Claim
$f$ is Of Bounded Variation $\Rightarrow$ $f$ is Bounded
Proof
To prove above claim, I had seen the proof like below:
"That $\|f\|_{TV}<\infty$ implies that $f$ is bounded is quite straightforward: $|f(x)|\le|f(0)|+|f(x)-f(0)|\le |f(0)|+\|f\|_{TV}$ holds for all $x$"
EDIT $$||f||_{TV} := \sup_{x_0<\cdots<x_n}\sum_{i=1}^{n} |f(x_i) - f(x_{i-1})|.$$
How does one can derive the fact that $\mid f(x)-f(0) \le \|f\|_{TV}$?
On
$f$ is of Bounded variation on $[a, b]$ means that
$sup_P \sum_{i = 0}^{N_p} |f(x_{i+1}) - f(x_{i})| = L < \infty$, where sup over all partitions P of $[a b]$.
Then you can find some partition, which contains $x$ (Actually for all $x$ you can find partition with $x_i = x$ for some $i$)
$|f(x)| = |f(x_i)| = |f(x_i) - f(x_{i-1}) + f(x_{i-1})| \leq |f(x_i) - f(x_{i-1})| + |f(x_{i-1})| \leq ... \leq \sum_{j = 0}^{i-1} |f(x_{j+1}) - f(x_{j})| + |f(a)| \leq |f(a)| + L$
Let $f$ be a function of bounded variation on a interval $I\subseteq\mathbb{R}$. Let us fix a point $a\in I$. Let $x\in I$; assume, w.l.o.g., $x > a$.

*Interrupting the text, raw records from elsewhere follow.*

(* Let $L>0$ be the constant of the quadratic upper bound below and let $0<\alpha\le 2/L$. There exists a constant $\rho_2>0$, independent of $k$, such that for every $k\ge1$ there are $A^{k+1}=\nabla_wH(w^{k+1},z^{k+1})$ and $B^{k+1}\in\partial_zH(w^{k+1},z^{k+1})$ with $$\big\|[A^{k+1};B^{k+1}]\big\|_2\le\rho_2\big\|[w^{k+1};z^{k+1}]-[w^k;z^k]\big\|_2 .$$
   Context: Data: $y\in\mathbb{R}^m$, $X\in\mathbb{R}^{m\times n}$ with rows $x_i^T$, preconditioned so that $X^TX=I_n$. Fix $\delta>0$. $S(x)=\frac{1}{2\sqrt{\delta}}x^2+\frac{\sqrt\delta}{2}$ if $|x|<\sqrt\delta$, $S(x)=|x|$ if $|x|\ge\sqrt\delta$. $H(w,z)=\tfrac12\|y-Xw-z\|_2^2+\delta\sum_{i=1}^m\frac{|z_i|}{S(y_i-x_i^Tw)}$, with $\nabla_w H(w,z)=-X^T(y-Xw-z)+\delta X^Tv$, $v_i=\frac{|z_i|S'(y_i-x_i^Tw)}{S(y_i-x_i^Tw)^2}$. $T(x)=0$ if $|x|\le\sqrt\delta$, $T(x)=x-\delta/x$ if $|x|>\sqrt\delta$, componentwise. SARM iteration: $w^0=0$, $z^0=0$, $w^{k+1}=w^k-\alpha\nabla_wH(w^k,z^k)$, $z^{k+1}=T(y-Xw^{k+1})$. $L>0$ is a constant depending only on $\delta$ such that for all $w,w'$ and all $z$ with $|z_i|\le S(y_i-x_i^Tw)$: $H(w',z)\le H(w,z)+\nabla_wH(w,z)^T(w'-w)+\frac L2\|w'-w\|_2^2$. For a proper lsc $\sigma:\mathbb{R}^d\to(-\infty,\infty]$, the Fréchet subdifferential $\hat\partial\sigma(b)$ is the set of $u$ with $\liminf_{a\to b,a\ne b}\frac{\sigma(a)-\sigma(b)-\langle u,a-b\rangle}{\|a-b\|}\ge0$, and the limiting subdifferential is $\partial\sigma(x)=\{u:\exists x_k\to x,\ \sigma(x_k)\to\sigma(x),\ u_k\in\hat\partial\sigma(x_k),\ u_k\to u\}$. $\partial_zH(w,z)$ is the limiting subdifferential of $z\mapsto H(w,z)$. *)

theory Defs
  imports "HOL-Analysis.Analysis"
begin

definition S_fun :: "real \<Rightarrow> real \<Rightarrow> real" where
  "S_fun \<delta> x = (if \<bar>x\<bar> < sqrt \<delta> then x\<^sup>2 / (2 * sqrt \<delta>) + sqrt \<delta> / 2 else \<bar>x\<bar>)"

definition S_deriv :: "real \<Rightarrow> real \<Rightarrow> real" where
  "S_deriv \<delta> x = (if \<bar>x\<bar> < sqrt \<delta> then x / sqrt \<delta> else sgn x)"

definition T_fun :: "real \<Rightarrow> real \<Rightarrow> real" where
  "T_fun \<delta> x = (if \<bar>x\<bar> \<le> sqrt \<delta> then 0 else x - \<delta> / x)"

definition T_vec :: "real \<Rightarrow> real ^ 'm \<Rightarrow> real ^ 'm" where
  "T_vec \<delta> v = (\<chi> i. T_fun \<delta> (v $ i))"

text \<open>Objective H(w,z); rows of X are x_i, so (y - X w)_i = y_i - x_i^T w.\<close>
definition H_fun :: "real ^ 'n ^ 'm \<Rightarrow> real ^ 'm \<Rightarrow> real \<Rightarrow> real ^ 'n \<Rightarrow> real ^ 'm \<Rightarrow> real" where
  "H_fun X y \<delta> w z =
     (norm (y - X *v w - z))\<^sup>2 / 2
     + \<delta> * (\<Sum>i\<in>UNIV. \<bar>z $ i\<bar> / S_fun \<delta> ((y - X *v w) $ i))"

definition v_vec :: "real ^ 'n ^ 'm \<Rightarrow> real ^ 'm \<Rightarrow> real \<Rightarrow> real ^ 'n \<Rightarrow> real ^ 'm \<Rightarrow> real ^ 'm" where
  "v_vec X y \<delta> w z = (\<chi> i. \<bar>z $ i\<bar> * S_deriv \<delta> ((y - X *v w) $ i) / (S_fun \<delta> ((y - X *v w) $ i))\<^sup>2)"

definition gradH :: "real ^ 'n ^ 'm \<Rightarrow> real ^ 'm \<Rightarrow> real \<Rightarrow> real ^ 'n \<Rightarrow> real ^ 'm \<Rightarrow> real ^ 'n" where
  "gradH X y \<delta> w z = - (transpose X *v (y - X *v w - z)) + \<delta> *\<^sub>R (transpose X *v v_vec X y \<delta> w z)"

primrec sarm :: "real ^ 'n ^ 'm \<Rightarrow> real ^ 'm \<Rightarrow> real \<Rightarrow> real \<Rightarrow> nat \<Rightarrow> (real ^ 'n) \<times> (real ^ 'm)" where
  "sarm X y \<delta> \<alpha> 0 = (0, 0)"
| "sarm X y \<delta> \<alpha> (Suc k) =
     (let w' = fst (sarm X y \<delta> \<alpha> k) - \<alpha> *\<^sub>R gradH X y \<delta> (fst (sarm X y \<delta> \<alpha> k)) (snd (sarm X y \<delta> \<alpha> k))
      in (w', T_vec \<delta> (y - X *v w')))"

definition frechet_subdiff :: "('a::real_inner \<Rightarrow> real) \<Rightarrow> 'a \<Rightarrow> 'a set" where
  "frechet_subdiff f b =
     {u. Liminf (at b) (\<lambda>a. ereal ((f a - f b - inner u (a - b)) / norm (a - b))) \<ge> 0}"

definition limiting_subdiff :: "('a::real_inner \<Rightarrow> real) \<Rightarrow> 'a \<Rightarrow> 'a set" where
  "limiting_subdiff f x =
     {u. \<exists>xs us. xs \<longlonglongrightarrow> x \<and> (\<lambda>k. f (xs k)) \<longlonglongrightarrow> f x
               \<and> (\<forall>k. us k \<in> frechet_subdiff f (xs k)) \<and> us \<longlonglongrightarrow> u}"

end

theory Submission
  imports Defs
begin

(* The z-update is an exact minimization: H(w, .) splits into the scalar problems
   (r_i - z_i)^2/2 + c_i |z_i| with r = y - Xw and c_i = delta / S(r_i), which are solved
   by soft thresholding at level c_i, and that is exactly T(r_i).  So 0 is a limiting
   subgradient in z at every iterate after the first.
   Substituting z = T(r) into the gradient gives grad_w H(w, T(y - Xw)) = X^T phi(y - Xw),
   where phi = reduced_grad delta is -r on |r| <= sqrt delta and -delta^2/r^3 outside,
   a 3-Lipschitz function.  Since z^k = T(y - X w^k) for k >= 1, the w-update is then a
   gradient step w' = w - alpha G(w) for the Lipschitz map G = reduced_gradH, and
   ||G(w')|| <= ||G(w') - G(w)|| + ||G(w)|| = ||G(w') - G(w)|| + ||w' - w|| / alpha. *)

lemma S_fun_pos:
  assumes "\<delta> > 0"
  shows "S_fun \<delta> x > 0"
  using assms by (auto simp: S_fun_def add_nonneg_pos)

lemma S_fun_le_sqrt:
  assumes "\<delta> > 0" and "\<bar>x\<bar> \<le> sqrt \<delta>"
  shows "S_fun \<delta> x \<le> sqrt \<delta>"
proof (cases "\<bar>x\<bar> < sqrt \<delta>")
  case True
  have "x\<^sup>2 \<le> (sqrt \<delta>)\<^sup>2"
    using assms(2) by (metis abs_ge_zero power2_abs power_mono)
  then have "x\<^sup>2 / (2 * sqrt \<delta>) \<le> sqrt \<delta> / 2"
    using assms(1) by (simp add: divide_le_eq power2_eq_square)
  then show ?thesis using True by (simp add: S_fun_def)
qed (use assms in \<open>simp add: S_fun_def\<close>)

lemma sqrt_le_abs_iff:
  assumes "\<delta> \<ge> 0" shows "sqrt \<delta> \<le> \<bar>x\<bar> \<longleftrightarrow> \<delta> \<le> x\<^sup>2"
  using assms by (metis real_le_lsqrt real_sqrt_abs real_sqrt_le_iff abs_ge_zero real_sqrt_ge_zero)

lemma sqrt_less_abs_iff:
  assumes "\<delta> \<ge> 0" shows "sqrt \<delta> < \<bar>x\<bar> \<longleftrightarrow> \<delta> < x\<^sup>2"
  using assms by (metis real_sqrt_abs real_sqrt_less_iff)

definition soft_threshold :: "real \<Rightarrow> real \<Rightarrow> real" where
  "soft_threshold c x = sgn x * max (\<bar>x\<bar> - c) 0"

lemma soft_threshold_minimizes:
  fixes c x a :: real
  assumes "c \<ge> 0"
  shows "(x - soft_threshold c x)\<^sup>2 / 2 + c * \<bar>soft_threshold c x\<bar> \<le> (x - a)\<^sup>2 / 2 + c * \<bar>a\<bar>"
proof (cases "\<bar>x\<bar> \<le> c")
  case True
  have "x * a \<le> c * \<bar>a\<bar>"
    using True by (metis abs_ge_self abs_ge_zero abs_mult mult_right_mono order_trans)
  moreover have "(x - a)\<^sup>2 = x\<^sup>2 - 2 * (x * a) + a\<^sup>2"
    by (simp add: power2_diff)
  moreover have "0 \<le> a\<^sup>2"
    by simp
  ultimately have "x\<^sup>2 / 2 \<le> (x - a)\<^sup>2 / 2 + c * \<bar>a\<bar>"
    by linarith
  then show ?thesis
    using True by (simp add: soft_threshold_def)
next
  case outside: False
  let ?gap = "(x - a)\<^sup>2 / 2 + c * \<bar>a\<bar> - ((x - soft_threshold c x)\<^sup>2 / 2 + c * \<bar>soft_threshold c x\<bar>)"
  show ?thesis
  proof (cases "x > 0")
    case True
    then have st: "soft_threshold c x = x - c" and "x - c > 0"
      using outside by (auto simp: soft_threshold_def)
    from \<open>x - c > 0\<close> have "?gap = (x - c - a)\<^sup>2 / 2 + c * (\<bar>a\<bar> - a)"
      unfolding st by (simp add: power2_eq_square field_simps)
    moreover have "c * (\<bar>a\<bar> - a) \<ge> 0" "(x - c - a)\<^sup>2 / 2 \<ge> 0"
      using assms by simp_all
    ultimately show ?thesis by linarith
  next
    case False
    then have st: "soft_threshold c x = x + c" and "x + c < 0"
      using outside assms by (auto simp: soft_threshold_def sgn_if)
    from \<open>x + c < 0\<close> have "?gap = (x + c - a)\<^sup>2 / 2 + c * (\<bar>a\<bar> + a)"
      unfolding st by (simp add: power2_eq_square field_simps)
    moreover have "c * (\<bar>a\<bar> + a) \<ge> 0" "(x + c - a)\<^sup>2 / 2 \<ge> 0"
      using assms by simp_all
    ultimately show ?thesis by linarith
  qed
qed

lemma T_fun_eq_soft_threshold:
  assumes "\<delta> > 0"
  shows "T_fun \<delta> x = soft_threshold (\<delta> / S_fun \<delta> x) x"
proof (cases "\<bar>x\<bar> \<le> sqrt \<delta>")
  case True
  have "\<bar>x\<bar> * S_fun \<delta> x \<le> sqrt \<delta> * sqrt \<delta>"
    using assms True S_fun_le_sqrt[OF assms True] less_imp_le[OF S_fun_pos[OF assms]]
    by (intro mult_mono) auto
  then have "\<bar>x\<bar> \<le> \<delta> / S_fun \<delta> x"
    using assms S_fun_pos[OF assms] by (simp add: le_divide_eq)
  then show ?thesis using True by (simp add: T_fun_def soft_threshold_def)
next
  case False
  then have "\<delta> < x\<^sup>2" "x \<noteq> 0"
    using assms sqrt_less_abs_iff[of \<delta> x] by auto
  then have "\<delta> / \<bar>x\<bar> < \<bar>x\<bar>"
    by (simp add: divide_less_eq power2_eq_square)
  moreover have "S_fun \<delta> x = \<bar>x\<bar>"
    using False by (simp add: S_fun_def)
  moreover have "sgn x * (\<bar>x\<bar> - \<delta> / \<bar>x\<bar>) = x - \<delta> / x"
    using \<open>x \<noteq> 0\<close> by (cases "x > 0") simp_all
  ultimately show ?thesis
    using False by (simp add: T_fun_def soft_threshold_def)
qed

lemma H_fun_eq_sum:
  "H_fun X y \<delta> w z = (\<Sum>i\<in>UNIV. ((y - X *v w) $ i - z $ i)\<^sup>2 / 2
                                  + \<delta> / S_fun \<delta> ((y - X *v w) $ i) * \<bar>z $ i\<bar>)"
  by (simp add: H_fun_def norm_vec_def L2_set_def sum_nonneg sum.distrib sum_distrib_left
      sum_divide_distrib)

Using the partition $x_0=a$, $x_1=x$ in the definition of total variation, you clearly have $$ |f(x) - f(a)| \leq TV(f, [a,x]), $$ hence $$ |f(x)| \leq |f(x) - f(a)| + |f(a)| \leq TV(f, [a,x]) + |f(a)| \leq TV(f) + |f(a)|. $$